(* Let $N^h\ge 2$ be an integer and $h=1/N^h$. Let $\lambda_j=j^2\pi^2$ be the $j$-th exact eigenvalue of $-u''=\lambda u$ on $(0,1)$ with $u(0)=u(1)=0$, and let $\lambda^h_{gs,j}$ be the $j$-th approximate eigenvalue (eigenvalues sorted in nondecreasing order, counting multiplicity) of the linear GSFEM generalized matrix eigenvalue problem $(\mathbf{K}-\eta_K\mathbf{S})\mathbf{U}=\lambda^h(\mathbf{M}+\eta_M\mathbf{S}_g)\mathbf{U}$ described in the context, with $\eta_K=\frac{1}{12}$ and $\eta_M=\frac{1}{360}$. Then \[ \frac{|\lambda^h_{gs,j}-\lambda_j|}{\lambda_j}<\frac{1}{3024}(j\pi h)^6\qquad\text{for all } j\in\{1,\dots,N^h-1\}. \]
   Context: Setting (linear finite elements, generalized SoftFEM, in 1D): Let $x_k=kh$, $k=0,\dots,N^h$, be a uniform mesh of $[0,1]$. Let $V^h$ be the space of continuous functions on $[0,1]$ that are affine on each $[x_{k-1},x_k]$ and vanish at $0$ and $1$, with hat basis $\phi_k$, $k=1,\dots,N^h-1$, $\phi_k(x_l)=\delta_{kl}$. For $v\in V^h$ and an interior node $x_k$ let $[\![v']\!](x_k)=v'(x_k^-)-v'(x_k^+)$. Define $a(v,w)=\int_0^1 v'w'\,dx$, $b(v,w)=\int_0^1 vw\,dx$, $s(v,w)=\sum_{k=1}^{N^h-1} h\,[\![v']\!](x_k)[\![w']\!](x_k)$, $s_g(v,w)=\sum_{k=1}^{N^h-1} h^3\,[\![v']\!](x_k)[\![w']\!](x_k)$, and the matrices $\mathbf{K}_{kl}=a(\phi_l,\phi_k)$, $\mathbf{M}_{kl}=b(\phi_l,\phi_k)$, $\mathbf{S}_{kl}=s(\phi_l,\phi_k)$, $(\mathbf{S}_g)_{kl}=s_g(\phi_l,\phi_k)$. Explicitly, $\mathbf{K}=\frac1h\,\mathrm{tridiag}(-1,2,-1)$, $\mathbf{M}=h\,\mathrm{tridiag}(\tfrac16,\tfrac23,\tfrac16)$, $\mathbf{S}=\frac1h$ times the symmetric pentadiagonal matrix with rows $(1,-4,6,-4,1)$ except that the first and last diagonal entries are $5$, and $\mathbf{S}_g=h^2\mathbf{S}$; all are $(N^h-1)\times(N^h-1)$. *)

theory Defs
  imports Complex_Main "Jordan_Normal_Form.Determinant" "HOL-Computational_Algebra.Polynomial"
    "HOL-Library.Multiset"
begin

text \<open>Uniform mesh with N cells, h = 1/N, interior nodes x_1..x_(N-1).
  Matrices are (N-1)x(N-1); matrix row/column index i (0-based) corresponds to node i+1.\<close>

definition mesh_h :: "nat \<Rightarrow> real" where
  "mesh_h N = 1 / real N"

definition stiff_mat :: "nat \<Rightarrow> real mat" where
  "stiff_mat N = mat (N - 1) (N - 1) (\<lambda>(i, j).
     (1 / mesh_h N) * (if i = j then 2 else if i = j + 1 \<or> j = i + 1 then -1 else 0))"

definition mass_mat :: "nat \<Rightarrow> real mat" where
  "mass_mat N = mat (N - 1) (N - 1) (\<lambda>(i, j).
     mesh_h N * (if i = j then 2/3 else if i = j + 1 \<or> j = i + 1 then 1/6 else 0))"

text \<open>Jump of the derivative of the hat function phi_k at the node x_m:
  [[phi_k']](x_m) = phi_k'(x_m^-) - phi_k'(x_m^+).\<close>
definition hat_jump :: "nat \<Rightarrow> nat \<Rightarrow> nat \<Rightarrow> real" where
  "hat_jump N k m = (if m = k then 2 / mesh_h N
                     else if m + 1 = k \<or> k + 1 = m then - 1 / mesh_h N else 0)"

definition jump_mat :: "nat \<Rightarrow> real mat" where
  "jump_mat N = mat (N - 1) (N - 1) (\<lambda>(i, j).
     (\<Sum>m = 1..N - 1. mesh_h N * hat_jump N (j + 1) m * hat_jump N (i + 1) m))"

text \<open>S_g = h^2 S (the h^3-weighted jump form).\<close>
definition jump_mat_g :: "nat \<Rightarrow> real mat" where
  "jump_mat_g N = (mesh_h N)\<^sup>2 \<cdot>\<^sub>m jump_mat N"

definition gen_char_poly :: "real mat \<Rightarrow> real mat \<Rightarrow> real poly" where
  "gen_char_poly A B = det (mat (dim_row A) (dim_col A) (\<lambda>ij. [: A $$ ij, - (B $$ ij) :]))"

text \<open>j-th (1-based) generalized eigenvalue, sorted nondecreasingly, counted with multiplicity.\<close>
definition gen_eig :: "real mat \<Rightarrow> real mat \<Rightarrow> nat \<Rightarrow> real" where
  "gen_eig A B j = sorted_list_of_multiset (proots (gen_char_poly A B)) ! (j - 1)"

definition gsfem_eig :: "nat \<Rightarrow> real \<Rightarrow> real \<Rightarrow> nat \<Rightarrow> real" where
  "gsfem_eig N etaK etaM j =
     gen_eig (stiff_mat N - etaK \<cdot>\<^sub>m jump_mat N) (mass_mat N + etaM \<cdot>\<^sub>m jump_mat_g N) j"

end

theory Submission
  imports Defs
begin

(* The stiffness, mass and jump matrices are all polynomials in T = tridiag(-1, 2, -1):
   K = T / h, M = h (I - T / 6), S = T^2 / h and S_g = h^2 S.  Hence the discrete sine vectors
   (sin (k theta_c))_k with theta_c = c pi h, on which T acts by mu_c = 2 - 2 cos theta_c,
   diagonalize the whole pencil, and its eigenvalues are F(mu_c) / h^2 with
   F(mu) = (mu - mu^2/12) / (1 - mu/6 + mu^2/360).  Both mu_c and F are increasing, so the j-th
   eigenvalue belongs to theta_j = j pi h =: t < pi, and the claim becomes
   t^2 - t^8/3024 < F(2 - 2 cos t) < t^2.  Enclosing 2 - 2 cos t between its Maclaurin polynomials
   in t^2 reduces both inequalities to the positivity of two explicit polynomials on [0, 10]
   (as pi^2 < 10), which is certified by interval evaluation of Horner's scheme. *)

section \<open>Pencils diagonalized by a common basis\<close>

lemma det_mat_diag: "det (mat_diag n d) = (\<Prod>i = 0..<n. d i)"
proof -
  have "det (mat_diag n d) = prod_list (diag_mat (mat_diag n d))"
    by (rule det_upper_triangular) (auto simp: upper_triangular_def mat_diag_def)
  also have "\<dots> = (\<Prod>i = 0..<n. d i)"
    by (simp add: prod_list_diag_prod mat_diag_def)
  finally show ?thesis .
qed

lemma det_eq_prod_if_diagonalized:
  fixes A Q :: "'a :: idom mat"
  assumes A: "A \<in> carrier_mat n n" and Q: "Q \<in> carrier_mat n n" and "det Q \<noteq> 0"
    and AQ: "A * Q = Q * mat_diag n d"
  shows "det A = (\<Prod>i = 0..<n. d i)"
proof -
  have "det A * det Q = det (Q * mat_diag n d)"
    using det_mult[OF A Q] by (simp add: AQ)
  also have "\<dots> = det Q * (\<Prod>i = 0..<n. d i)"
    using det_mult[OF Q mat_diag_dim] by (simp add: det_mat_diag)
  finally show ?thesis
    using \<open>det Q \<noteq> 0\<close> by (metis mult.commute mult_cancel_left)
qed

lemma smult_mat_diag: "(c :: 'a :: semiring_0) \<cdot>\<^sub>m mat_diag n f = mat_diag n (\<lambda>i. c * f i)"
  by (rule eq_matI) (auto simp: mat_diag_def)

lemma add_mat_diag: "mat_diag n (f :: nat \<Rightarrow> 'a :: monoid_add) + mat_diag n g = mat_diag n (\<lambda>i. f i + g i)"
  by (rule eq_matI) (auto simp: mat_diag_def)

lemma minus_mat_diag: "mat_diag n (f :: nat \<Rightarrow> 'a :: group_add) - mat_diag n g = mat_diag n (\<lambda>i. f i - g i)"
  by (rule eq_matI) (auto simp: mat_diag_def)

lemma mat_diag_cong: "(\<And>i. i < n \<Longrightarrow> f i = g i) \<Longrightarrow> mat_diag n f = mat_diag n g"
  by (rule eq_matI) (auto simp: mat_diag_def)

lemma transpose_mat_diag: "transpose_mat (mat_diag n f) = mat_diag n f"
  by (rule eq_matI) (auto simp: mat_diag_def)

lemma smult_mult_mat_diag:
  fixes X Q :: "'a :: comm_ring_1 mat"
  assumes X: "X \<in> carrier_mat n n" and Q: "Q \<in> carrier_mat n n"
    and XQ: "X * Q = Q * mat_diag n f"
  shows "(c \<cdot>\<^sub>m X) * Q = Q * mat_diag n (\<lambda>i. c * f i)"
proof -
  have "(c \<cdot>\<^sub>m X) * Q = c \<cdot>\<^sub>m (Q * mat_diag n f)"
    using X Q by (simp add: mult_smult_assoc_mat XQ)
  also have "\<dots> = Q * (c \<cdot>\<^sub>m mat_diag n f)"
    by (rule mult_smult_distrib[OF Q mat_diag_dim, symmetric])
  finally show ?thesis
    by (simp only: smult_mat_diag)
qed

lemma mult_mat_diag_combination:
  fixes X Y Q :: "'a :: comm_ring_1 mat"
  assumes X: "X \<in> carrier_mat n n" and Y: "Y \<in> carrier_mat n n" and Q: "Q \<in> carrier_mat n n"
    and XQ: "X * Q = Q * mat_diag n f" and YQ: "Y * Q = Q * mat_diag n g"
  shows "(X + c \<cdot>\<^sub>m Y) * Q = Q * mat_diag n (\<lambda>i. f i + c * g i)"
    and "(X - c \<cdot>\<^sub>m Y) * Q = Q * mat_diag n (\<lambda>i. f i - c * g i)"
proof -
  have cYQ: "(c \<cdot>\<^sub>m Y) * Q = Q * mat_diag n (\<lambda>i. c * g i)"
    by (rule smult_mult_mat_diag[OF Y Q YQ])
  show "(X + c \<cdot>\<^sub>m Y) * Q = Q * mat_diag n (\<lambda>i. f i + c * g i)"
    using X Y Q by (simp add: add_mult_distrib_mat[of _ n n] XQ cYQ
        mult_add_distrib_mat[OF Q mat_diag_dim mat_diag_dim, symmetric] add_mat_diag)
  show "(X - c \<cdot>\<^sub>m Y) * Q = Q * mat_diag n (\<lambda>i. f i - c * g i)"
    using X Y Q by (simp add: minus_mult_distrib_mat[of _ n n] XQ cYQ
        mult_minus_distrib_mat[OF Q mat_diag_dim mat_diag_dim, symmetric] minus_mat_diag)
qed

lemma commute_mat_diag_off_diag_zero:
  fixes G :: "'a :: idom mat"
  assumes G: "G \<in> carrier_mat n n" and commute: "G * mat_diag n d = mat_diag n d * G"
    and "i < n" "k < n" "d i \<noteq> d k"
  shows "G $$ (i, k) = 0"
proof -
  have "G $$ (i, k) * d k = d i * G $$ (i, k)"
    using arg_cong[OF commute, of "\<lambda>A. A $$ (i, k)"] G assms(3,4)
    by (simp add: mat_diag_mult_left[OF G] mat_diag_mult_right[OF G])
  then have "G $$ (i, k) * (d k - d i) = 0"
    by (simp add: algebra_simps)
  with \<open>d i \<noteq> d k\<close> show ?thesis
    by simp
qed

• What to work on
Say how many lines in the entries above contain the string "polynomials", offering no other words.

• Solution for this problem
3